Instructions for the task: Find how many lines below hold "using", and give that number as the entire answer.

Given data:

(* Let $A,B$ be nonzero integers, and let $\{u_n\}_{n\ge0}$, $\{v_n\}_{n\ge0}$ be the Lucas sequences defined by $u_0=0$, $u_1=1$, $u_n=Au_{n-1}-Bu_{n-2}$ for $n\ge2$, and $v_0=2$, $v_1=A$, $v_n=Av_{n-1}-Bv_{n-2}$ for $n\ge2$. Let $\Delta=A^2-4B$. For each positive integer $n$, let $w_n$ be the largest divisor of $u_n$ that is coprime to each of $u_1,u_2,\ldots,u_{n-1}$. Then for every integer $n\ge5$, $$\sum_{j=1}^{n-1}\frac{v_j}{u_j}\equiv\frac{(n^2-1)\Delta}{6}\cdot\frac{u_n}{v_n}\pmod{w_n^2}.$$
   Context: A congruence between rational numbers modulo an integer $M$ means that the difference, written as a fraction whose denominator is coprime to $M$, has numerator divisible by $M$. *)

theory Defs
  imports Complex_Main "HOL-Computational_Algebra.Primes"
begin

fun lucas_u :: "int \<Rightarrow> int \<Rightarrow> nat \<Rightarrow> int" where
  "lucas_u A B 0 = 0"
| "lucas_u A B (Suc 0) = 1"
| "lucas_u A B (Suc (Suc n)) = A * lucas_u A B (Suc n) - B * lucas_u A B n"

fun lucas_v :: "int \<Rightarrow> int \<Rightarrow> nat \<Rightarrow> int" where
  "lucas_v A B 0 = 2"
| "lucas_v A B (Suc 0) = A"
| "lucas_v A B (Suc (Suc n)) = A * lucas_v A B (Suc n) - B * lucas_v A B n"

definition lucas_w :: "int \<Rightarrow> int \<Rightarrow> nat \<Rightarrow> int" where
  "lucas_w A B n = (GREATEST d::int. d dvd lucas_u A B n \<and>
                      (\<forall>j\<in>{1..<n}. coprime d (lucas_u A B j)))"

definition rat_cong :: "rat \<Rightarrow> rat \<Rightarrow> int \<Rightarrow> bool" where
  "rat_cong a b M = (\<exists>p q::int. q \<noteq> 0 \<and> coprime q M \<and>
                        a - b = of_int p / of_int q \<and> M dvd p)"

end

theory Submission
  imports Defs
begin

(* Let d be a divisor of u_n coprime to u_1, ..., u_(n-1), put c_j = v_j / u_j and
   \<Delta> = A^2 - 4B, and compute in the rationals with denominators coprime to d. Such a d is
   coprime to 2, 3, A, B and v_n, because it is coprime to u_2, u_3 and u_4.
   From 2 u_n = u_j v_(n-j) + u_(n-j) v_j the sum of the c_j equals u_n times
   T = sum 1 / (u_j u_(n-j)), so it suffices to know T modulo d. The identity
   u_n v_j - v_n u_j = 2 B^j u_(n-j) gives 1 / (u_j u_(n-j)) == (\<Delta> - c_j^2) / (2 v_n), and
   summing the addition formula c_(i+j) (c_i + c_j) = c_i c_j + \<Delta> over all pairs of
   indices modulo n, using c_(n-j) == - c_j, gives 3 sum c_j^2 == - (n - 1) (n - 2) \<Delta>.
   Together, T == (n^2 - 1) \<Delta> / (6 v_n) modulo d. *)

lemma lucas_recurrence_unique:
  fixes f g :: "nat \<Rightarrow> 'a::ring"
  assumes "\<And>j. f (Suc (Suc j)) = A * f (Suc j) - B * f j"
      and "\<And>j. g (Suc (Suc j)) = A * g (Suc j) - B * g j"
      and "f 0 = g 0" and "f 1 = g 1"
  shows "f j = g j"
proof -
  have "f j = g j \<and> f (Suc j) = g (Suc j)"
    by (induction j) (use assms in auto)
  then show ?thesis by simp
qed

lemma lucas_v_eq_u: "lucas_v A B j = 2 * lucas_u A B (Suc j) - A * lucas_u A B j"
  by (rule lucas_recurrence_unique[where A = A and B = B]) (auto simp: algebra_simps)

lemma lucas_u_add:
  "2 * lucas_u A B (i + j) = lucas_u A B i * lucas_v A B j + lucas_u A B j * lucas_v A B i"
proof (rule lucas_recurrence_unique[where A = A and B = B and f = "\<lambda>j. 2 * lucas_u A B (i + j)"])
  show "2 * lucas_u A B (i + 1) = lucas_u A B i * lucas_v A B 1 + lucas_u A B 1 * lucas_v A B i"
    using lucas_v_eq_u[of A B i] by simp
qed (auto simp: algebra_simps)

lemma lucas_v_add:
  "2 * lucas_v A B (i + j) =
     lucas_v A B i * lucas_v A B j + (A ^ 2 - 4 * B) * lucas_u A B i * lucas_u A B j"
proof (rule lucas_recurrence_unique[where A = A and B = B and f = "\<lambda>j. 2 * lucas_v A B (i + j)"])
  have "lucas_v A B (Suc i) = A * lucas_u A B (Suc i) - 2 * B * lucas_u A B i"
    unfolding lucas_v_eq_u[of A B "Suc i"] by (simp add: algebra_simps)
  then show "2 * lucas_v A B (i + 1) =
      lucas_v A B i * lucas_v A B 1 + (A ^ 2 - 4 * B) * lucas_u A B i * lucas_u A B 1"
    unfolding lucas_v_eq_u[of A B i] by (simp add: algebra_simps power2_eq_square)
qed (auto simp: algebra_simps)

lemma lucas_u_cassini:
  "lucas_u A B (Suc j) ^ 2 - A * lucas_u A B j * lucas_u A B (Suc j) + B * lucas_u A B j ^ 2 =
     B ^ j"
proof (induction j)
  case (Suc j)
  have "lucas_u A B (Suc (Suc j)) ^ 2 - A * lucas_u A B (Suc j) * lucas_u A B (Suc (Suc j))
          + B * lucas_u A B (Suc j) ^ 2
      = B * (lucas_u A B (Suc j) ^ 2 - A * lucas_u A B j * lucas_u A B (Suc j)
          + B * lucas_u A B j ^ 2)"
    by (simp add: algebra_simps power2_eq_square)
  with Suc show ?case by simp
qed simp

lemma lucas_v_sq_eq: "lucas_v A B j ^ 2 - (A ^ 2 - 4 * B) * lucas_u A B j ^ 2 = 4 * B ^ j"
proof -
  have "lucas_v A B j ^ 2 - (A ^ 2 - 4 * B) * lucas_u A B j ^ 2
      = 4 * (lucas_u A B (Suc j) ^ 2 - A * lucas_u A B j * lucas_u A B (Suc j)
          + B * lucas_u A B j ^ 2)"
    unfolding lucas_v_eq_u[of A B j] by (simp add: algebra_simps power2_eq_square)
  then show ?thesis using lucas_u_cassini[of A B j] by simp
qed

Your solution: 3